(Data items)
· · · ·

definition Delta10 where
  "Delta10 p_eps f T lam A B q_enc q_post x u =
     ELBO p_eps f T lam A B q_enc q_post 1 x u - ELBO p_eps f T lam A B q_enc q_post 0 x u"

definition expect :: "('a::euclidean_space \<Rightarrow> real) \<Rightarrow> ('a \<Rightarrow> real) \<Rightarrow> real" where
  "expect q g = (LINT z|lborel. q z * g z)"

definition var :: "('a::euclidean_space \<Rightarrow> real) \<Rightarrow> ('a \<Rightarrow> real) \<Rightarrow> real" where
  "var q g = (LINT z|lborel. q z * (g z)\<^sup>2) - (expect q g)\<^sup>2"

definition SNR :: "('a::euclidean_space \<Rightarrow> real) \<Rightarrow> ('a \<Rightarrow> real) \<Rightarrow> ('a \<Rightarrow> real) \<Rightarrow> real" where
  "SNR q1 q0 g = (expect q1 g - expect q0 g)\<^sup>2 / max (var q1 g) (var q0 g)"

definition LB :: "real \<Rightarrow> real \<Rightarrow> real \<Rightarrow> real" where
  "LB \<alpha> \<epsilon> \<Delta> = \<alpha> * \<Delta>
     + \<alpha> * integral {\<alpha>..1} (\<lambda>t. (1 - t) / (t * (1 - t) + \<epsilon>))
     + (1 - \<alpha>) * integral {0..\<alpha>} (\<lambda>t. t / (t * (1 - t) + \<epsilon>))"

end

theory Submission
  imports Defs "HOL-Real_Asymp.Real_Asymp"
begin

text \<open>With \<open>q\<^sub>1\<close>, \<open>q\<^sub>0\<close> the encoder and posterior and \<open>m\<^sub>t = (1 - t) q\<^sub>0 + t q\<^sub>1\<close>, the
  reconstruction term of the ELBO is affine in \<open>\<alpha>\<close>, so \<open>ELBO \<alpha> - ELBO 0 - \<alpha> \<Delta>\<close> is the Jensen gap
  \<open>\<alpha> KL(q\<^sub>1) + (1 - \<alpha>) KL(q\<^sub>0) - KL(m\<^sub>\<alpha>) = \<integral> xlnx_gap (q\<^sub>0 z) (q\<^sub>1 z) \<alpha> dz\<close>. Pointwise in \<open>z\<close>,
  the gap vanishes at \<open>\<alpha> = 0, 1\<close> and its second derivative is
  \<open>-(q\<^sub>1 - q\<^sub>0)\<^sup>2 / m\<^sub>\<alpha> \<le> -(2 (q\<^sub>1 - q\<^sub>0) h - m\<^sub>\<alpha> h\<^sup>2)\<close> for any \<open>h\<close>, so it dominates the Green
  potential of the right-hand side. For \<open>h = (g - E\<^sub>m\<^sub>t g) / (D (t (1 - t) + \<epsilon>))\<close> with
  \<open>D = E\<^sub>q\<^sub>1 g - E\<^sub>q\<^sub>0 g\<close>, the \<open>z\<close>-integral of that right-hand side is at least
  \<open>1 / (t (1 - t) + \<epsilon>)\<close>, because the SNR hypothesis bounds the variance of \<open>g\<close> under \<open>m\<^sub>t\<close> by
  \<open>(t (1 - t) + \<epsilon>) D\<^sup>2\<close>; and the Green potential of \<open>1 / (t (1 - t) + \<epsilon>)\<close> is \<open>LB - \<alpha> \<Delta>\<close>.\<close>

lemma continuous_on_xlnx: "continuous_on {0..} (\<lambda>x::real. x * ln x)"
proof -
  have "continuous (at x within {0..}) (\<lambda>x::real. x * ln x)" if "x \<ge> 0" for x
  proof (cases "x = 0")
    case True
    have "((\<lambda>x::real. x * ln x) \<longlongrightarrow> 0) (at_right 0)"
      by real_asymp
    then show ?thesis
      using True by (simp add: continuous_within at_within_Ici_at_right)
  next
    case False
    with that have "isCont (\<lambda>x::real. x * ln x) x"
      by (auto intro!: continuous_intros)
    then show ?thesis
      using continuous_at_imp_continuous_at_within by blast
  qed
  then show ?thesis
    by (simp add: continuous_on_eq_continuous_within)
qed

· · · ·

## WHAT TO WORK ON:
In full and without error, restate the data.

## WORKED SOLUTION:
definition Delta10 where
  "Delta10 p_eps f T lam A B q_enc q_post x u =
     ELBO p_eps f T lam A B q_enc q_post 1 x u - ELBO p_eps f T lam A B q_enc q_post 0 x u"

definition expect :: "('a::euclidean_space \<Rightarrow> real) \<Rightarrow> ('a \<Rightarrow> real) \<Rightarrow> real" where
  "expect q g = (LINT z|lborel. q z * g z)"

definition var :: "('a::euclidean_space \<Rightarrow> real) \<Rightarrow> ('a \<Rightarrow> real) \<Rightarrow> real" where
  "var q g = (LINT z|lborel. q z * (g z)\<^sup>2) - (expect q g)\<^sup>2"

definition SNR :: "('a::euclidean_space \<Rightarrow> real) \<Rightarrow> ('a \<Rightarrow> real) \<Rightarrow> ('a \<Rightarrow> real) \<Rightarrow> real" where
  "SNR q1 q0 g = (expect q1 g - expect q0 g)\<^sup>2 / max (var q1 g) (var q0 g)"

definition LB :: "real \<Rightarrow> real \<Rightarrow> real \<Rightarrow> real" where
  "LB \<alpha> \<epsilon> \<Delta> = \<alpha> * \<Delta>
     + \<alpha> * integral {\<alpha>..1} (\<lambda>t. (1 - t) / (t * (1 - t) + \<epsilon>))
     + (1 - \<alpha>) * integral {0..\<alpha>} (\<lambda>t. t / (t * (1 - t) + \<epsilon>))"

end

theory Submission
  imports Defs "HOL-Real_Asymp.Real_Asymp"
begin

text \<open>With \<open>q\<^sub>1\<close>, \<open>q\<^sub>0\<close> the encoder and posterior and \<open>m\<^sub>t = (1 - t) q\<^sub>0 + t q\<^sub>1\<close>, the
  reconstruction term of the ELBO is affine in \<open>\<alpha>\<close>, so \<open>ELBO \<alpha> - ELBO 0 - \<alpha> \<Delta>\<close> is the Jensen gap
  \<open>\<alpha> KL(q\<^sub>1) + (1 - \<alpha>) KL(q\<^sub>0) - KL(m\<^sub>\<alpha>) = \<integral> xlnx_gap (q\<^sub>0 z) (q\<^sub>1 z) \<alpha> dz\<close>. Pointwise in \<open>z\<close>,
  the gap vanishes at \<open>\<alpha> = 0, 1\<close> and its second derivative is
  \<open>-(q\<^sub>1 - q\<^sub>0)\<^sup>2 / m\<^sub>\<alpha> \<le> -(2 (q\<^sub>1 - q\<^sub>0) h - m\<^sub>\<alpha> h\<^sup>2)\<close> for any \<open>h\<close>, so it dominates the Green
  potential of the right-hand side. For \<open>h = (g - E\<^sub>m\<^sub>t g) / (D (t (1 - t) + \<epsilon>))\<close> with
  \<open>D = E\<^sub>q\<^sub>1 g - E\<^sub>q\<^sub>0 g\<close>, the \<open>z\<close>-integral of that right-hand side is at least
  \<open>1 / (t (1 - t) + \<epsilon>)\<close>, because the SNR hypothesis bounds the variance of \<open>g\<close> under \<open>m\<^sub>t\<close> by
  \<open>(t (1 - t) + \<epsilon>) D\<^sup>2\<close>; and the Green potential of \<open>1 / (t (1 - t) + \<epsilon>)\<close> is \<open>LB - \<alpha> \<Delta>\<close>.\<close>

lemma continuous_on_xlnx: "continuous_on {0..} (\<lambda>x::real. x * ln x)"
proof -
  have "continuous (at x within {0..}) (\<lambda>x::real. x * ln x)" if "x \<ge> 0" for x
  proof (cases "x = 0")
    case True
    have "((\<lambda>x::real. x * ln x) \<longlongrightarrow> 0) (at_right 0)"
      by real_asymp
    then show ?thesis
      using True by (simp add: continuous_within at_within_Ici_at_right)
  next
    case False
    with that have "isCont (\<lambda>x::real. x * ln x) x"
      by (auto intro!: continuous_intros)
    then show ?thesis
      using continuous_at_imp_continuous_at_within by blast
  qed
  then show ?thesis
    by (simp add: continuous_on_eq_continuous_within)
qed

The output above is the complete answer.